Napisano
22.02.2009 - 11:46
Witam. Od dłuższego czasu przyglądam się temu co piszecie w tym temacie, zwłaszcza postom Wojaka. Nie zrozumcie mnie źle, nie chcę go oczerniać, bo nie mam dowodów na to, że to fake, natomiast:
Tak jak napisało już kilka osób w tym temacie - robisz z igły widły. Widać, że mieszkasz na wsi. Obejrzałeś kilka filmów, po czym położyłeś się spać. Tu coś usłyszałeś, tam coś zobaczyłeś itp itd, więc doszedłeś do wniosku, że to ufoki i postanowiłeś opowiedzieć o tym na forum.
Wojak, proszę Cię, nie zrozum mnie źle, ale od 3 lat studiuję resocjalizację. Zadania z psychologii i psychiki człowieka są na porządku dziennym. Co to ma do Ciebie? Otóż twoje posty to w 90% nasze zadania.
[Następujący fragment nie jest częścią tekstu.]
(* Let $\Gamma$ be a discrete group with identity $e$ and let $S\subseteq\Gamma$ with $e\in S$, $\chi_S\in M_{cb}\mathrm{A}(\Gamma)$ and $\|\chi_S\|_{cb}<\frac{1+\sqrt{2}}{2}$. Then for all $u,v\in S$, at least one of $uv$ and $vu$ belongs to $S$.
   Context: $\mathrm{A}(\Gamma)$ denotes the Fourier algebra of $\Gamma$, the predual of the group von Neumann algebra $\mathrm{VN}(\Gamma)$, equipped with its canonical (predual) operator space structure. $M_{cb}\mathrm{A}(\Gamma)$ is the algebra of completely bounded multipliers of $\mathrm{A}(\Gamma)$: functions $\varphi:\Gamma\to\mathbb{C}$ such that $f\mapsto\varphi f$ is a completely bounded map $\mathrm{A}(\Gamma)\to\mathrm{A}(\Gamma)$; $\|\varphi\|_{cb}$ denotes the completely bounded norm of this map. *)

theory Defs
  imports "HOL-Analysis.Analysis" "HOL-Algebra.Group"
begin

text \<open>Concrete model of the operator-space structure of the Fourier algebra of a
discrete group G, via its dual: the reduced group C*-algebra / VN(G) acting on l2(G).
An element of M_n(C[G]) is a finitely supported function a : G -> M_n(C),
representing the operator sum_g a(g) (x) lambda(g) on l2(G; C^n),
where (lambda(g) xi)(x) = xi(g^-1 x).  Vectors in l2(G;C^n) are functions
G -> nat -> complex (coordinates i < n); we use the dense subspace of finitely
supported vectors.\<close>

definition mat_supp :: "('a, 'b) monoid_scheme \<Rightarrow> nat \<Rightarrow> ('a \<Rightarrow> nat \<Rightarrow> nat \<Rightarrow> complex) \<Rightarrow> 'a set" where
  "mat_supp G n a = {g \<in> carrier G. \<exists>i<n. \<exists>j<n. a g i j \<noteq> 0}"

definition fin_mat :: "('a, 'b) monoid_scheme \<Rightarrow> nat \<Rightarrow> ('a \<Rightarrow> nat \<Rightarrow> nat \<Rightarrow> complex) \<Rightarrow> bool" where
  "fin_mat G n a \<longleftrightarrow> finite (mat_supp G n a)"

definition vec_supp :: "('a, 'b) monoid_scheme \<Rightarrow> nat \<Rightarrow> ('a \<Rightarrow> nat \<Rightarrow> complex) \<Rightarrow> 'a set" where
  "vec_supp G n \<xi> = {x \<in> carrier G. \<exists>i<n. \<xi> x i \<noteq> 0}"

definition fin_vec :: "('a, 'b) monoid_scheme \<Rightarrow> nat \<Rightarrow> ('a \<Rightarrow> nat \<Rightarrow> complex) \<Rightarrow> bool" where
  "fin_vec G n \<xi> \<longleftrightarrow> finite (vec_supp G n \<xi>)"

definition vnorm :: "('a, 'b) monoid_scheme \<Rightarrow> nat \<Rightarrow> ('a \<Rightarrow> nat \<Rightarrow> complex) \<Rightarrow> real" where
  "vnorm G n \<xi> = sqrt (\<Sum>x\<in>vec_supp G n \<xi>. \<Sum>i<n. (cmod (\<xi> x i))\<^sup>2)"

definition op_apply :: "('a, 'b) monoid_scheme \<Rightarrow> nat \<Rightarrow> ('a \<Rightarrow> nat \<Rightarrow> nat \<Rightarrow> complex)
    \<Rightarrow> ('a \<Rightarrow> nat \<Rightarrow> complex) \<Rightarrow> ('a \<Rightarrow> nat \<Rightarrow> complex)" where
  "op_apply G n a \<xi> = (\<lambda>x i. if x \<in> carrier G \<and> i < n
      then (\<Sum>g\<in>mat_supp G n a. \<Sum>j<n. a g i j * \<xi> (inv\<^bsub>G\<^esub> g \<otimes>\<^bsub>G\<^esub> x) j) else 0)"

text \<open>Operator norm (in B(l2(G;C^n))) of sum_g a(g) (x) lambda(g), i.e. the norm of
a in M_n(C*_r(G)) = M_n(VN(G)).\<close>
definition op_norm :: "('a, 'b) monoid_scheme \<Rightarrow> nat \<Rightarrow> ('a \<Rightarrow> nat \<Rightarrow> nat \<Rightarrow> complex) \<Rightarrow> real" where
  "op_norm G n a = Sup {vnorm G n (op_apply G n a \<xi>) | \<xi>. fin_vec G n \<xi> \<and> vnorm G n \<xi> \<le> 1}"

text \<open>phi is a cb multiplier with cb-norm at most C: the (adjoint) multiplication map
lambda(g) |-> phi(g) lambda(g) satisfies ||id_{M_n} (x) M_phi|| \<le> C for all n.\<close>
definition cb_mult_bound :: "('a, 'b) monoid_scheme \<Rightarrow> ('a \<Rightarrow> complex) \<Rightarrow> real \<Rightarrow> bool" where
  "cb_mult_bound G \<phi> C \<longleftrightarrow> (\<forall>n a. fin_mat G n a \<longrightarrow>
      op_norm G n (\<lambda>g i j. \<phi> g * a g i j) \<le> C * op_norm G n a)"

definition McbA :: "('a, 'b) monoid_scheme \<Rightarrow> ('a \<Rightarrow> complex) set" where
  "McbA G = {\<phi>. \<exists>C. cb_mult_bound G \<phi> C}"

definition cb_norm :: "('a, 'b) monoid_scheme \<Rightarrow> ('a \<Rightarrow> complex) \<Rightarrow> real" where
  "cb_norm G \<phi> = Inf {C. C \<ge> 0 \<and> cb_mult_bound G \<phi> C}"

definition char_fun :: "'a set \<Rightarrow> 'a \<Rightarrow> complex" where
  "char_fun S = (\<lambda>x. if x \<in> S then 1 else 0)"

end

theory Submission
  imports Defs
begin

(*
  A cb multiplier phi with bound C dominates every Schur multiplier of the form
  [phi(x_i y_j^-1)] on M_n: multiplying the element sum_ij M_ij e_ij (x) lambda(x_i y_j^-1),
  whose operator norm is that of M, by phi gives the corresponding element for the Schur
  product of M with [phi(x_i y_j^-1)].  It therefore suffices to exhibit 0-1 patterns
  [chi_S(x_i y_j^-1)] whose Schur multiplier norm is at least (1 + sqrt 2)/2; such a lower
  bound is certified by an orthogonal matrix M and a vector e.

  If uv and vu are not in S, then x = (1, u, v) and y = (1, v^-1, u^-1) give the pattern
  [[1,1,1], [1,chi(uv),chi(u^2)], [1,chi(v^2),chi(vu)]], which is too large as soon as u^2 and
  v^2 lie in S.  That S contains the squares of its elements follows in the same way from the
  Toeplitz patterns [chi_S(w^(i-j))], i, j < 4, by a case distinction on the values of chi_S at
  w^-1, w^-2, w^-3 and w^3.
*)

section \<open>Operators on l2(G; C^n)\<close>

definition bounded_op :: "('a, 'b) monoid_scheme \<Rightarrow> nat \<Rightarrow> ('a \<Rightarrow> nat \<Rightarrow> nat \<Rightarrow> complex) \<Rightarrow> bool" where
  "bounded_op G n a \<longleftrightarrow>
     bdd_above {vnorm G n (op_apply G n a \<xi>) | \<xi>. fin_vec G n \<xi> \<and> vnorm G n \<xi> \<le> 1}"

lemma vnorm_nonneg: "0 \<le> vnorm G n \<xi>"
  unfolding vnorm_def by (simp add: sum_nonneg)

lemma vnorm_eq_sum_superset:
  assumes "finite A" "vec_supp G n \<xi> \<subseteq> A" "A \<subseteq> carrier G"
  shows "vnorm G n \<xi> = sqrt (\<Sum>x\<in>A. \<Sum>i<n. (cmod (\<xi> x i))\<^sup>2)"
proof -
  have "\<forall>x\<in>A - vec_supp G n \<xi>. \<forall>i<n. \<xi> x i = 0"
    using assms(3) by (auto simp: vec_supp_def)
  then have "\<forall>x\<in>A - vec_supp G n \<xi>. (\<Sum>i<n. (cmod (\<xi> x i))\<^sup>2) = 0"
    by simp
  then have "(\<Sum>x\<in>vec_supp G n \<xi>. \<Sum>i<n. (cmod (\<xi> x i))\<^sup>2)
      = (\<Sum>x\<in>A. \<Sum>i<n. (cmod (\<xi> x i))\<^sup>2)"
    by (rule sum.mono_neutral_left[OF assms(1,2)])
  then show ?thesis
    by (simp add: vnorm_def)
qed

lemma bounded_opI:
  assumes "0 \<le> B" and "\<And>\<xi>. fin_vec G n \<xi> \<Longrightarrow> vnorm G n (op_apply G n a \<xi>) \<le> B * vnorm G n \<xi>"
  shows "bounded_op G n a"
  unfolding bounded_op_def
proof (rule bdd_aboveI)
  show "y \<le> B" if "y \<in> {vnorm G n (op_apply G n a \<xi>) | \<xi>. fin_vec G n \<xi> \<and> vnorm G n \<xi> \<le> 1}" for y
    using that assms mult_left_le[of _ B] by fastforce
qed

lemma op_norm_leI:
  assumes "0 \<le> B" and "\<And>\<xi>. fin_vec G n \<xi> \<Longrightarrow> vnorm G n (op_apply G n a \<xi>) \<le> B * vnorm G n \<xi>"
  shows "op_norm G n a \<le> B"
  unfolding op_norm_def
proof (rule cSup_least)
  have "fin_vec G n (\<lambda>_ _. 0) \<and> vnorm G n (\<lambda>_ _. 0) \<le> 1"
    by (simp add: fin_vec_def vec_supp_def vnorm_def)
  then show "{vnorm G n (op_apply G n a \<xi>) | \<xi>. fin_vec G n \<xi> \<and> vnorm G n \<xi> \<le> 1} \<noteq> {}"
    by blast
  show "y \<le> B" if "y \<in> {vnorm G n (op_apply G n a \<xi>) | \<xi>. fin_vec G n \<xi> \<and> vnorm G n \<xi> \<le> 1}" for y
    using that assms mult_left_le[of _ B] by fastforce
qed

lemma vnorm_op_apply_le_op_norm_unit:
  assumes "bounded_op G n a" "fin_vec G n \<xi>" "vnorm G n \<xi> \<le> 1"
  shows "vnorm G n (op_apply G n a \<xi>) \<le> op_norm G n a"
  using assms unfolding bounded_op_def op_norm_def by (blast intro: cSup_upper)

lemma op_norm_nonneg:
  assumes "bounded_op G n a"
  shows "0 \<le> op_norm G n a"
proof -
  have "fin_vec G n (\<lambda>_ _. 0)" "vnorm G n (\<lambda>_ _. 0) \<le> 1"
    by (simp_all add: fin_vec_def vec_supp_def vnorm_def)
  then show ?thesis
    using vnorm_op_apply_le_op_norm_unit[OF assms] vnorm_nonneg order_trans by blast
qed

lemma op_apply_scale:
  "op_apply G n a (\<lambda>x i. c * \<xi> x i) = (\<lambda>x i. c * op_apply G n a \<xi> x i)"
  by (simp add: op_apply_def fun_eq_iff sum_distrib_left mult_ac)

lemma vnorm_scale: "vnorm G n (\<lambda>x i. c * \<xi> x i) = cmod c * vnorm G n \<xi>"
proof (cases "c = 0")
  case True
  then show ?thesis by (simp add: vnorm_def vec_supp_def)
next
  case False
  then have "vec_supp G n (\<lambda>x i. c * \<xi> x i) = vec_supp G n \<xi>"
    by (simp add: vec_supp_def)
  then show ?thesis
    by (simp add: vnorm_def norm_mult power_mult_distrib sum_distrib_left[symmetric] real_sqrt_mult)
qed

lemma fin_vec_scale: "fin_vec G n \<xi> \<Longrightarrow> fin_vec G n (\<lambda>x i. c * \<xi> x i)"
  unfolding fin_vec_def by (rule finite_subset[rotated]) (auto simp: vec_supp_def)

context group
begin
Nie chcę Cię oceniać. Jestem nowy na forum i nie chcę zrazić do siebie forumowiczów, ale niech się kazdy temu przyjrzy porządnie, rozważając wszystkie "za" i 'przeciw". Oto mój punkt widzenia:
Tak jak już napisałem wcześniej, zobaczyłeś jakiś film, serial, cokolwiek. Mieszkasz w dużym domu, z pewnością na wsi bądź na obrzeżach miasteczka, miasta, whatever. Odłosów w takim domu i na takich terenach to rzecz powszednia. Naszej psychice, naszemu rozumowi, wystarczy podchwycić tylko kawałek spójności z tym, co widzieliśmy i już. Ta-daaaa! Mamy ufoki jak się patrzy. Co do tych dziwnych swiatełek. Sugeruję Ci, jak się naprawdę tym interesujesz, poczytać literaturę przedmiotu. Lucjan Znicz na początek byłby super. Jest tam jeden przykład, jak to naukowcy (!) rosyjscy przez kilka miesięcy oberwowali dziwnie poruszające się światełka. Okazało się, że wzrok płatał im figle, ponieważ były to światła odległej, położonej na drugiej stronie jeziora i troszkę wyżej od obserwatorów, wsi. Samochody, latarnie itp. Do rzeczy: w szkole byłeś nielubiany. Nie utrzymujesz z nikim kontaktów, a na twoje urodziny przychodzi tylko twoja rodzina. Chcesz być w końcu zauważalny. Tak więc, jakie tematy najlepiej poruszać? Nieznane, niezbadane. Poruszyć jakiś temat i wtedy wystarczy przekonać forumowiczów do swojego zdania. A w jaki sposób? Najlepiej nie negując tego, co oni mówią. Przyjąc pozycję obronną, ale taką, w której przyjmuje się wszystko w sposób obojętny. "Chcecie to wierzcie, nie chcecie to nie" i tym podobne zdania robią swoje. Skoro tak mówisz, nikt nie wezmie Cię za prowokatora.
Aha, no i jeszcze to, co napisaleś, jak Cię traktują i jak do Ciebie wołają. "Zabić Cię" "Co się kur.. patrzysz" czy "sprzedawczyk" nie biorą się znikąd. I nie mów, że to przez nazwisko. Dzieci bywają okrutne, ale żadne z nich raczej nie będzie chciało Cię zabić za nazwisko.
Ja osobiście, dopóki nie zobaczę PORZĄDNEGO zdjęcia bądź nagranego jakiegoś naprawdę ciekawego brzęczenia i stukania", to raczej moja wiara będzie w skierowana w troszeczkę skrzywioną psychikę skrzywdzonego dziecka. Wybacz, jeśli Cię obraziłem, to naprawdę, naprawdę przepraszam. Nie o to chodzi, żeby jeden drugiego oczerniał. To jest tylko i wyłącznie moje zdanie i szykuję się na to, że wielu się to nie spodoba, ale uwierzcie, że zanim napisałem ten post, długo siedziałem nad tym tematem, żeby bezpodstawnie niczego nie pisac. Was proszę o to samo.
Pozdrawiam wszystkich
P.S. Oczekuję posta wojaka w stylu ''Ja Ci nie każę wierzyć. Chcesz to wierz, nie to nie. Ja Cię o to nie błagam." ale, jeśli takowy rzeczywiście będzie, to znowu znajdziemy się w bezsensownej dyskusji.